Here are some arbitrarily chosen examples. Note the topics covered this semester have shifted.

  1. America’s Leaky Pipes: The Environmental Impact of Oil Pipeline Spills
  2. 💵The Gigantic Gender Pay Gap💵
  3. Putting Food on the Table in 50 States
  4. Who Are The Noisemakers? | Analyzing the Loudest Parties in NYC
  5. Bigfoot: True or Real?

Getting started

  1. Join #final_project Slack channel
  2. Create groups of 2-3 students from any section and post in Google Sheet in #final_project channel in Slack
  3. Finding data. This is often the hardest part of such projects and I suggest you do this as soon as possible
    • Ideally, determine a research question you are interested in. Then find this data.
    • Often however you can’t find data that answers your desired question, but rather only some modified form of your question. This is fine, done is better than perfect.
    • If you are still stuck, find data first and then reverse-engineer a question. Not ideal, but again, done is better than perfect.
    • Use Smith College data resources. In particular:
  4. Setup the Final Project RStudio Project
    1. Download the following zip file: final_project.zip
    2. Move final_project.zip to your SDS192 folder on your computer
    3. Unzip final_project.zip. Windows users: be sure to “Extract all”
    4. In the resulting final_project folder, double-click the RStudio Project final_project.Rproj icon to open in RStudio Project mode

Submitting the project

  1. Group leader only: Submit a final_project.zip file of your entire RStudio Project folder on moodle.
  2. All group members:
    • Fill out the peer evaluation Google Form. Note you will need the Netlify Drop URL of the website you deployed on the web (unless your project involves sensitive non-public data).
    • Fill out exit survey Google Form

Grading rubric

  1. Baseline: Projects that do not satisfy all “baseline” criteria can expect to get a grade of less than 8/10.
    • The RMarkdown Website must “build” correctly when someone else builds it. This is known as producing reproducible research.
    • Wherever possible, all visualizations have appropriately labeled axes, legends, titles, etc and are mindful of the ink/information ratio.
    • Your code is clean, commented, and well-indented.
    • From the perspective of both the report reader and potential collaborators who might reproduce your work, no “superfluous” and non-informative inputs or outputs are included.
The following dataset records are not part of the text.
(* For every temporal oriented tree $\mathcal T$, the connectivity graph $G$ of $\mathcal T$ contains no even hole, i.e., no induced cycle of even length at least $6$.
   Context: A temporal digraph is a pair $(D,\lambda)$ with $D=(V,A)$ a finite digraph and $\lambda:A\to 2^{\{1,\dots,t_{\max}\}}$ giving the time-steps at which each arc is active. A temporal oriented tree $\mathcal T=(T,\lambda)$ is one whose underlying digraph $T$ is an orientation of a tree. A temporal path is a sequence $(v_1,v_2,t_1),\dots,(v_{k-1},v_k,t_{k-1})$ with pairwise distinct $v_i$, $\overrightarrow{v_iv_{i+1}}\in A$, $t_i\in\lambda(\overrightarrow{v_iv_{i+1}})$ and $t_1<\dots<t_{k-1}$. Two vertices $u\ne v$ are temporally connected if there is a temporal path from $u$ to $v$ or from $v$ to $u$. The connectivity graph of $\mathcal T$ is the undirected graph $G$ with $V(G)=V(T)$ and $uv\in E(G)$ iff $u\neq v$ and $u,v$ are temporally connected. *)

theory Defs
  imports Main
begin

definition digraph :: "'a set \<Rightarrow> ('a \<times> 'a) set \<Rightarrow> bool" where
  "digraph V A \<longleftrightarrow> finite V \<and> A \<subseteq> V \<times> V"

definition und_adj :: "('a \<times> 'a) set \<Rightarrow> 'a \<Rightarrow> 'a \<Rightarrow> bool" where
  "und_adj A u v \<longleftrightarrow> (u, v) \<in> A \<or> (v, u) \<in> A"

definition is_cycle :: "('a \<Rightarrow> 'a \<Rightarrow> bool) \<Rightarrow> 'a set \<Rightarrow> 'a list \<Rightarrow> bool" where
  "is_cycle E V cs \<longleftrightarrow> length cs \<ge> 3 \<and> distinct cs \<and> set cs \<subseteq> V \<and>
     (\<forall>i < length cs. E (cs ! i) (cs ! ((i + 1) mod length cs)))"

definition is_induced_cycle :: "('a \<Rightarrow> 'a \<Rightarrow> bool) \<Rightarrow> 'a set \<Rightarrow> 'a list \<Rightarrow> bool" where
  "is_induced_cycle E V cs \<longleftrightarrow> length cs \<ge> 3 \<and> distinct cs \<and> set cs \<subseteq> V \<and>
     (\<forall>i < length cs. \<forall>j < length cs.
        E (cs ! i) (cs ! j) \<longleftrightarrow> (j = (i + 1) mod length cs \<or> i = (j + 1) mod length cs))"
This is being mindful of the work you create for readers and collaborators, including future you. Ex: Do not
      1. Include my original instructions in the report.
      2. Include “Data dumps” like showing all the contents of a 1000 row data frame.
      3. Submit files in your RStudio Project folder that aren’t relevant to your analysis.
    • All accompanying write-ups are coherent and respect the word count limit.
    • You submit both your peer evaluations and your exit survey responses.
  2. Minimally viable product: Grade: 8/10.
    • Satisfy all “baseline” criteria.
    • Complete the intro index.html blog-post page.
  3. Due diligence: Grade: 9/10.
    • Satisfy all “baseline” and “minimally viable product” criteria.
    • Complete the second more_info.html page with 1 visualization.
  4. Point of diminishing returns: Grade: 9.5/10.
    • Satisfy all “baseline”, “minimally viable product”, and “due diligence” criteria.
    • Complete the second more_info.html page with 2-3 visualizations.
  5. Polishing the cannonball: Grade: 10/10
    • Satisfy all “baseline”, “minimally viable product”, “due diligence”, and “point of diminishing returns” criteria.
    • Impress me by using the tools you’ve learned this semester. Yes, this criteria is deliberately vague.